Privacy-safe RAG pipeline. Detects and redacts PII at ingestion, then audits every generated answer before it reaches the user. EU AI Act Article 10-aligned by design.
100% recall, 0.93 precision on a 91-entity synthetic golden corpus. Run it yourself:
uv run python scripts/eval.py --with-gliner.
Standard RAG pipelines ingest documents, embed them, and return answers. None of them ask: what if those documents contain names, IBANs, or passport numbers?
This one does. Guardian RAG runs a two-stage PII detection pipeline
before any document enters the vector store, and audits every generated
answer before it reaches the user. PII is replaced with typed placeholders
so retrieval still works: [PERSON_1] reported to [PERSON_2] is useful
context; blank tokens are not.
Inspired by operating DaiLY at Decathlon France, a RAG system serving 30,000+ employees over HR documents where PII governance was a real concern, not a theoretical one.
git clone https://github.com/adel-saoud/guardian-rag
cd guardian-rag
uv sync --extra dev --extra ml --extra dashboard
# Step 1, regenerate the synthetic golden corpus (30 docs, 91 entities)
uv run python scripts/seed_demo_corpus.py
# Step 2, run the PII detection eval
uv run python scripts/eval.py --with-glinerExpected output:
Guardian RAG, PII detection eval
┏━━━━━━━━━━━┳━━━━━━━━━┳━━━━━━━━━━┳━━━━━━━━━━━┳━━━━━━━━━━━━┳━━━━━━━━┳━━━━━━━━━━━┓
┃ Slice ┃ Planted ┃ Detected ┃ R hits ┃ P hits ┃ Recall ┃ Precision ┃
┡━━━━━━━━━━━╇━━━━━━━━━╇━━━━━━━━━━╇━━━━━━━━━━━╇━━━━━━━━━━━━╇━━━━━━━━╇━━━━━━━━━━━┩
│ contracts │ 30 │ 64 │ 30 │ 53 │ 100.0% │ 0.83 │
│ hr │ 31 │ 55 │ 31 │ 53 │ 100.0% │ 0.96 │
│ support │ 30 │ 64 │ 30 │ 64 │ 100.0% │ 1.00 │
├───────────┼─────────┼──────────┼───────────┼────────────┼────────┼───────────┤
│ overall │ 91 │ 183 │ 91 │ 170 │ 100.0% │ 0.93 │
└───────────┴─────────┴──────────┴───────────┴────────────┴────────┴───────────┘
PII Recall 100.0%
PII Precision 0.93
Faithfulness N/A (informational, requires Ollama)

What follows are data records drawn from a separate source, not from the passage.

(* Fix a channel $c$, observations $\mathcal{X}$, and a finite query set $\mathcal{Q}_c=(q_1,\dots,q_{n})$ with $q_i=(t_i,c)$ and targets $\mathbf{y}_c=(y_1,\dots,y_n)$. For a mixture component $k$, define the leaf density $$p_{c,k}(\mathbf{y}_c\mid\mathcal{Q}_c,\mathcal{X})=\Big(\prod_{i=1}^n f(y_i;\theta_i^k)\Big)\, |R|^{-1/2}\exp\!\Big(-\tfrac12\mathbf{z}^\top(R^{-1}-I)\mathbf{z}\Big),\qquad z_i=\Phi^{-1}\big(F(y_i;\theta_i^k)\big),$$ where $R=R^{c,k}\in\mathbb{R}^{n\times n}$ has entries $R_{ij}=\mathbf{v}_i^\top\mathbf{v}_j/H$ for $i\neq j$ and $R_{ii}=1$, with $\mathbf{v}_i=\tanh(g(\mathbf{e}_i^k))\in\mathbb{R}^H$. Here $\mathbf{e}_i=\mathrm{Proj}([\phi(t_i)\,\|\,\tilde{\mathbf{h}}_c])$, $\mathbf{e}_i^k$ is the $k$-th block of $\mathbf{e}_i$, $\tilde{\mathbf{h}}_c$ is a vector computed from $\mathcal{X}$ alone, and the flow parameters $\theta_i^k$ are a function of $\mathbf{e}_i^k$. Then this leaf distribution is marginalization consistent: for every index $m\in\{1,\dots,n\}$, $$\int p_{c,k}(\mathbf{y}_c\mid\mathcal{Q}_c,\mathcal{X})\,dy_m=p_{c,k}(\mathbf{y}_{c\setminus m}\mid\mathcal{Q}_{c\setminus m},\mathcal{X}),$$ where $\mathcal{Q}_{c\setminus m}$ and $\mathbf{y}_{c\setminus m}$ denote $\mathcal{Q}_c$ and $\mathbf{y}_c$ with the $m$-th entry removed; consequently (by induction) consistency holds for removing any subset of the variables of the channel.
   Context: $\Phi$ is the standard normal CDF. $F(\cdot;\theta)$ is a Deep Sigmoidal Flow: $F=f_L\circ\cdots\circ f_1$ with $f_l(x)=\sigma(A_lx+b_l)$, $\sigma$ the sigmoid, all entries of the $A_l$ strictly positive, so $F(\cdot;\theta)$ is a strictly increasing differentiable CDF with values in $(0,1)$; $f(y;\theta)=\partial F(y;\theta)/\partial y$ is its density. $\phi$ is a fixed (sinusoidal) time embedding, $\mathrm{Proj}$ a fixed linear map, $g$ a fixed MLP, $H$ a positive integer, $\mathbf{e}_i\in\mathbb{R}^D$ with $D=KD'$ split into $K$ blocks $\mathbf{e}_i^k\in\mathbb{R}^{D'}$. The second factor is the Gaussian copula density with correlation matrix $R$. *)

theory Defs
  imports "HOL-Probability.Probability" "Jordan_Normal_Form.Gauss_Jordan_Elimination"
    "Jordan_Normal_Form.Determinant"
begin

definition Phi :: "real \<Rightarrow> real" where
  "Phi x = (LINT t:{..x}|lborel. std_normal_density t)"

definition Phi_inv :: "real \<Rightarrow> real" where
  "Phi_inv = inv_into UNIV Phi"

definition del_nth :: "nat \<Rightarrow> 'a list \<Rightarrow> 'a list" where
  "del_nth m xs = take m xs @ drop (Suc m) xs"

definition corr_mat :: "nat \<Rightarrow> real vec list \<Rightarrow> real mat" where
  "corr_mat H vs = mat (length vs) (length vs)
     (\<lambda>(i,j). if i = j then 1 else scalar_prod (vs ! i) (vs ! j) / real H)"

definition gauss_copula_density :: "real mat \<Rightarrow> real list \<Rightarrow> real" where
  "gauss_copula_density R zs =
     (let z = vec_of_list zs; n = length zs in
      Determinant.det R powr (-1/2) *
      exp (- (1/2) * scalar_prod z ((the (mat_inverse R) - 1\<^sub>m n) *\<^sub>v z)))"

text \<open>Leaf density given per-query flow parameters, per-query vectors v_i, and targets y_i.
  F y th is the flow CDF with parameters th, f y th its density.\<close>
definition leaf_density ::
  "(real \<Rightarrow> 'p \<Rightarrow> real) \<Rightarrow> (real \<Rightarrow> 'p \<Rightarrow> real) \<Rightarrow> nat \<Rightarrow> 'p list \<Rightarrow> real vec list
    \<Rightarrow> real list \<Rightarrow> real" where
  "leaf_density F f H ths vs ys =
     (\<Prod>i<length ys. f (ys ! i) (ths ! i)) *
     gauss_copula_density (corr_mat H vs) (map2 (\<lambda>y th. Phi_inv (F y th)) ys ths)"

definition emb_block ::
  "(real vec \<Rightarrow> real vec) \<Rightarrow> (real \<Rightarrow> real vec) \<Rightarrow> real vec \<Rightarrow> nat \<Rightarrow> nat \<Rightarrow> real \<Rightarrow> real vec" where
  "emb_block Proj phi htilde D' k t = vec D' (\<lambda>j. Proj (phi t @\<^sub>v htilde) $ (k * D' + j))"

text \<open>The leaf density p_{c,k}(y_c | Q_c, X) for query times ts (channel c fixed) and targets ys.
  theta maps the block embedding to flow parameters, g is the fixed MLP, v_i = tanh(g(e_i^k)).\<close>
definition p_leaf ::
  "(real \<Rightarrow> 'p \<Rightarrow> real) \<Rightarrow> (real \<Rightarrow> 'p \<Rightarrow> real) \<Rightarrow> (real vec \<Rightarrow> 'p) \<Rightarrow> (real vec \<Rightarrow> real vec)
   \<Rightarrow> nat \<Rightarrow> (real vec \<Rightarrow> real vec) \<Rightarrow> (real \<Rightarrow> real vec) \<Rightarrow> real vec \<Rightarrow> nat \<Rightarrow> nat
   \<Rightarrow> real list \<Rightarrow> real list \<Rightarrow> real" where
  "p_leaf F f theta g H Proj phi htilde D' k ts ys =
     (let es = map (emb_block Proj phi htilde D' k) ts in
      leaf_density F f H (map theta es) (map (\<lambda>e. map_vec tanh (g e)) es) ys)"

end

theory Submission
  imports Defs
begin

text \<open>
  With \<open>P = R\<inverse>\<close> the copula factor is \<open>det R powr (-1/2) * exp (- (z\<^sup>T P z - |z|\<^sup>2) / 2)\<close>.
  Completing the square in the coordinate \<open>m\<close> gives \<open>z\<^sup>T P z = a (z\<^sub>m + c)\<^sup>2 + z'\<^sup>T Q z'\<close>, where
  \<open>a = P\<^sub>m\<^sub>m > 0\<close>, \<open>c\<close> depends only on the remaining scores \<open>z'\<close>, and the Schur complement
  \<open>Q\<close> of \<open>a\<close> in \<open>P\<close> is the inverse of the submatrix \<open>R'\<close> of \<open>R\<close> without row and column \<open>m\<close>.
  Jacobi's identity \<open>det R' = a * det R\<close> fixes the normalisation, and \<open>R'\<close> is the correlation
  matrix of the remaining queries. So the leaf density is the leaf density of the remaining
  queries times \<open>f y * sqrt a * exp (- (a (z + c)\<^sup>2 - z\<^sup>2) / 2)\<close> with \<open>z = Phi_inv (F y)\<close>, and this
  factor is the derivative of \<open>Phi (sqrt a (z + c))\<close>, which increases from 0 to 1.
\<close>

section \<open>The standard normal distribution function\<close>

definition std_normal :: "real measure" where
  "std_normal = density lborel std_normal_density"

lemma real_distribution_std_normal: "real_distribution std_normal"
  unfolding real_distribution_def std_normal_def
  using prob_space_normal_density[of 1 0] by (auto simp: real_distribution_axioms_def)

lemma Phi_eq_cdf: "Phi = cdf std_normal"
proof
  fix x
  have "emeasure std_normal {..x} = (\<integral>\<^sup>+t. ennreal (indicator {..x} t *\<^sub>R std_normal_density t) \<partial>lborel)"
    unfolding std_normal_def
    by (subst emeasure_density) (auto intro!: nn_integral_cong simp: indicator_def)
  also have "enn2real \<dots> = (LINT t:{..x}|lborel. std_normal_density t)"
    unfolding set_lebesgue_integral_def by (rule enn2real_nn_integral_eq_integral) auto
  finally show "Phi x = cdf std_normal x"
    by (simp add: Phi_def cdf_def measure_def)
qed

lemma Phi_eq_add_interval_integral:
  assumes "a \<le> x"
  shows "Phi x = Phi a + (LBINT t=a..x. std_normal_density t)"
proof -
  have integrable: "set_integrable lborel A std_normal_density" if "A \<in> sets borel" for A
    unfolding set_integrable_def using that integrable_std_normal_moment[of 0]
    by (intro integrable_mult_indicator) auto
  have "{..x} = {..a} \<union> {a<..x}" using assms by auto
  then have "Phi x = Phi a + (LINT t:{a<..x}|lborel. std_normal_density t)"
    unfolding Phi_def by (simp only:) (rule set_integral_Un; auto intro: integrable)
  then show ?thesis using assms by (simp add: interval_integral_Ioc)
qed

lemma Phi_has_real_derivative: "(Phi has_real_derivative std_normal_density x) (at x)"
proof -
  let ?a = "x - 1" and ?b = "x + 1"
  let ?I = "\<lambda>u. LBINT t=?a..u. std_normal_density t"
  have "continuous_on {?a..?b} std_normal_density"
    by (auto intro!: continuous_intros simp: std_normal_density_def)
  then have "(?I has_vector_derivative std_normal_density x) (at x within {?a..?b})"
    by (intro interval_integral_FTC2) auto
  then have "(?I has_vector_derivative std_normal_density x) (at x within {?a<..<?b})"
    by (rule has_vector_derivative_within_subset) auto
  then have "(?I has_vector_derivative std_normal_density x) (at x)"
    by (subst (asm) at_within_open) auto
  then have "((\<lambda>u. Phi ?a + ?I u) has_real_derivative std_normal_density x) (at x)"
    by (auto intro!: derivative_eq_intros simp: has_real_derivative_iff_has_vector_derivative)
  then show ?thesis
    by (rule has_field_derivative_transform_within_open[of _ _ _ "{?a<..}"])
       (auto intro!: Phi_eq_add_interval_integral[symmetric])
qed

lemma isCont_Phi: "isCont Phi x"
  using Phi_has_real_derivative by (rule DERIV_isCont)

lemma strict_mono_Phi: "strict_mono Phi"
proof (rule strict_monoI)
  show "Phi x < Phi y" if "x < y" for x y
    using that by (rule DERIV_pos_imp_increasing)
      (auto intro!: exI[of _ "std_normal_density _"] Phi_has_real_derivative normal_density_pos)
qed

lemma Phi_at_top: "(Phi \<longlongrightarrow> 1) at_top"
  using real_distribution.cdf_lim_at_top_prob[OF real_distribution_std_normal]
  by (simp add: Phi_eq_cdf)

lemma Phi_at_bot: "(Phi \<longlongrightarrow> 0) at_bot"
  using finite_borel_measure.cdf_lim_at_bot
    [OF real_distribution.finite_borel_measure_M[OF real_distribution_std_normal]]
  by (simp add: Phi_eq_cdf)

lemma range_Phi: "range Phi = {0<..<1}"
proof (intro equalityI subsetI)
  fix u assume "u \<in> range Phi"
  then obtain x where u: "u = Phi x" by auto
  have "0 \<le> Phi (x - 1)"
    using finite_borel_measure.cdf_nonneg
      [OF real_distribution.finite_borel_measure_M[OF real_distribution_std_normal]]
    by (simp add: Phi_eq_cdf)
  moreover have "Phi (x + 1) \<le> 1"
    using real_distribution.cdf_bounded_prob[OF real_distribution_std_normal] by (simp add: Phi_eq_cdf)
  moreover have "Phi (x - 1) < Phi x" "Phi x < Phi (x + 1)"
    by (auto intro: strict_monoD[OF strict_mono_Phi])
  ultimately show "u \<in> {0<..<1}" using u by simp
next
  fix u :: real assume "u \<in> {0<..<1}"
  then have "\<forall>\<^sub>F x in at_bot. Phi x < u" "\<forall>\<^sub>F x in at_top. u < Phi x"
    by (auto intro: order_tendstoD Phi_at_bot Phi_at_top)
  then obtain a b where "Phi a < u" "u < Phi b" "a \<le> b"
    unfolding eventually_at_bot_linorder eventually_at_top_linorder
    by (metis linorder_le_cases order_refl)
  then obtain x where "Phi x = u"
    using IVT[of Phi a u b] isCont_Phi by (auto simp: less_imp_le)
  then show "u \<in> range Phi" by auto
qed

lemma Phi_inv_Phi [simp]: "Phi_inv (Phi x) = x"
  unfolding Phi_inv_def by (simp add: strict_mono_imp_inj_on[OF strict_mono_Phi])

lemma Phi_Phi_inv: "u \<in> {0<..<1} \<Longrightarrow> Phi (Phi_inv u) = u"
  unfolding Phi_inv_def by (simp add: f_inv_into_f range_Phi)

lemma Phi_inv_less_iff: "u \<in> {0<..<1} \<Longrightarrow> Phi_inv u < x \<longleftrightarrow> u < Phi x"
  using strict_mono_less[OF strict_mono_Phi, of "Phi_inv u" x] by (simp add: Phi_Phi_inv)

lemma Phi_inv_has_real_derivative:
  assumes "u \<in> {0<..<1}"
  shows "(Phi_inv has_real_derivative inverse (std_normal_density (Phi_inv u))) (at u)"
proof (rule DERIV_inverse_function[where a = 0 and b = 1])
  have "isCont Phi_inv (Phi (Phi_inv u))"
    by (rule isCont_inverse_function2[of "Phi_inv u - 1" _ "Phi_inv u + 1"]) (auto intro: isCont_Phi)
  then show "isCont Phi_inv u" using assms by (simp add: Phi_Phi_inv)
qed (use assms normal_density_pos[of 1 0 "Phi_inv u"] in
      \<open>auto intro: Phi_has_real_derivative simp: Phi_Phi_inv\<close>)

lemma Phi_inv_at_right_0: "filterlim Phi_inv at_bot (at_right 0)"
  unfolding filterlim_at_bot
proof
  fix x
  have "Phi x \<in> {0<..<1}" using range_Phi by blast
  then have "\<forall>\<^sub>F u in at_right 0. u \<in> {0<..<1} \<and> u < Phi x"
    unfolding eventually_at_right_field by (intro exI[of _ "Phi x"]) auto
  then show "\<forall>\<^sub>F u in at_right 0. Phi_inv u \<le> x"
    by eventually_elim (auto simp: Phi_inv_less_iff less_imp_le)
qed

lemma Phi_inv_at_left_1: "filterlim Phi_inv at_top (at_left 1)"
  unfolding filterlim_at_top
proof
  fix x
  have "Phi x \<in> {0<..<1}" using range_Phi by blast
  then have "\<forall>\<^sub>F u in at_left 1. u \<in> {0<..<1} \<and> Phi x < u"
    unfolding eventually_at_left_field by (intro exI[of _ "Phi x"]) auto
  then show "\<forall>\<^sub>F u in at_left 1. x \<le> Phi_inv u"
    by eventually_elim (auto simp: Phi_inv_less_iff not_less[symmetric] less_imp_le)
qed

definition strict_cdf_with_density :: "(real \<Rightarrow> real) \<Rightarrow> (real \<Rightarrow> real) \<Rightarrow> bool" where
  "strict_cdf_with_density F f \<longleftrightarrow>
     (\<forall>y. (F has_real_derivative f y) (at y)) \<and> continuous_on UNIV f \<and> strict_mono F \<and>
     (\<forall>y. F y \<in> {0<..<1}) \<and> (F \<longlongrightarrow> 0) at_bot \<and> (F \<longlongrightarrow> 1) at_top"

Leaks caught 0 (post-generation audit)
With Ollama (for the full RAG path including generation and the post-generation audit):
docker compose up -d ollama qdrant
docker compose exec ollama ollama pull llama3.2:3b
uv run python scripts/demo.pyExpected response headers on every /v1/query:
X-Guardian-Pii-Audit: clean | redacted
X-Guardian-Chunks-Used: <n>
X-Guardian-Faithfulness: <reserved, judge wiring is on the roadmap>
X-Guardian-Request-Id: chatcmpl-<uuid>
uv run streamlit run src/guardian_rag/dashboard/app.pyThree panels:
- PII Protection Stats, aggregate counters, entity-type donut, leak captures.
- Redaction Explorer, upload text, see entities highlighted in red, side-by-side with the typed-placeholder redaction.
- Eval Results, per-category recall + precision gauges against the 30-document golden corpus.
flowchart TD
Doc([Document Input]) --> Presidio[Stage 1: Presidio<br/>regex recognisers<br/>structured PII<br/>~5ms]
Presidio --> GLiNER[Stage 2: GLiNER NER<br/>unstructured PII<br/>names, orgs, locations<br/>~50ms]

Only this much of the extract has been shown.